Here is the link for the details. In case the IEEE site goes down here is a screen cap of the page.

My partner Matt on left. Parker (me) grinning like a fool on the right. I did the majority of the programming and design work where Matt debugged my code as I wrote it saving allot of time.

The idea was to create a simple secret knock security system that could record a knock “pattern” and then only unlock a door when the pattern was repeated. Only three hours where given for the competition and we where the only ones to finish everything in that time slot. They extended the contest another hour to permit more teams to finish. More details about the contest can be had by downloading the packet they gave us.

Code


main.c

The code is a bit rough around the edges and the bulk of the program happens in the timer interrupt (which is a no no) but for only 3 hours to solve, design, program, and debug a solution; sloppy code is a bit expected.

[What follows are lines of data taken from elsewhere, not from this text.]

text \<open>
  For a single task, \<open>\<hat>C\<^sup>i\<close> averages indicators of the event at pairs
  \<open>(f\<^sup>i, x\<^sup>i\<^sub>t)\<close>, each distributed according to the joint law of \<open>(f, x)\<close>; hence
  \<open>\<hat>C\<^sup>i\<close> is a \<open>[0,1]\<close>-valued random variable with mean \<open>C\<close>, and the \<open>\<hat>C\<^sup>i\<close> are
  independent across tasks. Nor is any of the Gaussian-process structure; the argument works for every
  measurable coverage event.
\<close>

lemma prob_space_joint_law:
  assumes "prob_space Pf"
    and Pd_kernel: "Pd \<in> Pf \<rightarrow>\<^sub>M subprob_algebra Dm"
    and Pd_prob: "\<And>f. f \<in> space Pf \<Longrightarrow> prob_space (Pd f)"
  shows "prob_space (joint_law Pf Pd Dm)"
proof -
  interpret prob_space Pf by fact
  have "(\<lambda>f. distr (Pd f) (Pf \<Otimes>\<^sub>M Dm) (Pair f)) \<in> Pf \<rightarrow>\<^sub>M subprob_algebra (Pf \<Otimes>\<^sub>M Dm)"
    by (rule measurable_distr2[OF _ Pd_kernel]) simp
  moreover have "prob_space (distr (Pd f) (Pf \<Otimes>\<^sub>M Dm) (Pair f))" if f: "f \<in> space Pf" for f
  proof -
    have sets_eq: "sets (Pd f) = sets Dm" using Pd_kernel f by (rule subprob_measurableD)
    show ?thesis
      by (rule prob_space.prob_space_distr[OF Pd_prob[OF f]])
        (simp add: measurable_cong_sets[OF sets_eq refl] f)
  qed
  ultimately show ?thesis
    unfolding joint_law_def by (intro prob_space_bind AE_I2)
qed

lemma indep_vars_PiM_components:
  assumes M: "\<And>i. i \<in> I \<Longrightarrow> prob_space (M i)"
  shows "prob_space.indep_vars (\<Pi>\<^sub>M i\<in>I. M i) M (\<lambda>i \<omega>. \<omega> i) I"
proof -
  interpret prob_space "\<Pi>\<^sub>M i\<in>I. M i" using M by (rule prob_space_PiM)
  show ?thesis
  proof (cases "I = {}")
    case False
    have "distr (\<Pi>\<^sub>M i\<in>I. M i) (\<Pi>\<^sub>M i\<in>I. M i) (\<lambda>\<omega>. \<lambda>i\<in>I. \<omega> i)
        = distr (\<Pi>\<^sub>M i\<in>I. M i) (\<Pi>\<^sub>M i\<in>I. M i) (\<lambda>\<omega>. \<omega>)"
      by (rule distr_cong) (auto simp: space_PiM)
    also have "\<dots> = (\<Pi>\<^sub>M i\<in>I. distr (\<Pi>\<^sub>M i\<in>I. M i) (M i) (\<lambda>\<omega>. \<omega> i))"
      by (auto intro!: PiM_cong distr_PiM_component[symmetric] M)
    finally show ?thesis
      by (subst indep_vars_iff_distr_eq_PiM'[OF False]) auto
  next
    case True
    show ?thesis
      unfolding indep_vars_def2 indep_sets_def by (simp add: True)
  qed
qed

Points where awarded based on a few areas.


Points: 
Your solution will be graded and scored on the following categorizes 
1)  Time it took for your team to create the solution and produce a working 
prototype to the Company.  
a.  Every 1 min is -1 pts 
b.  Ex: if you finish in 1:30 in you will get -90 points 
2) Working prototype: after you submit your prototype to the company, 
Quality Control will take it into their lab and run test on your system. Their 
test will not exceed the specified requirements and each test you pass you 
will get +10 points to your score. (MAX 80pts) 
3)  Documentation: As in any real project you should keep a good record on 
how you came up with your idea for your solution. This is to keep the 
company safe from legal problems, have a record of our intellectual 
property.  
a.  Submit your code   
b.  Submit any notes 
c.  Document any resources for the internet 
d.  Instruction Manual  
Our legal team at the company will take a look over and award points 
(MAX 10pts) 
4)  Creativeness of the solution: When you submit your solution to the 
company, your manager will take a peek at your solution. If you solved it in 
a new and ‘creative’ way, this many include additional functionality, more 
efficient algorithms, or intuitive (easy to use) interface. (MAX 30pts) 
5)  Cost: The Company does have a parts store. You will be able to buy extra 
parts such as button kits and if you burn out your chip you can buy a new 
one.   
Help: 
If you get stuck we do have an internal consulting group which will help you but 
for a cost of 2pts per 1 min. This is not for questions about the contest or 
questions about the problem; this is for help solving the problem.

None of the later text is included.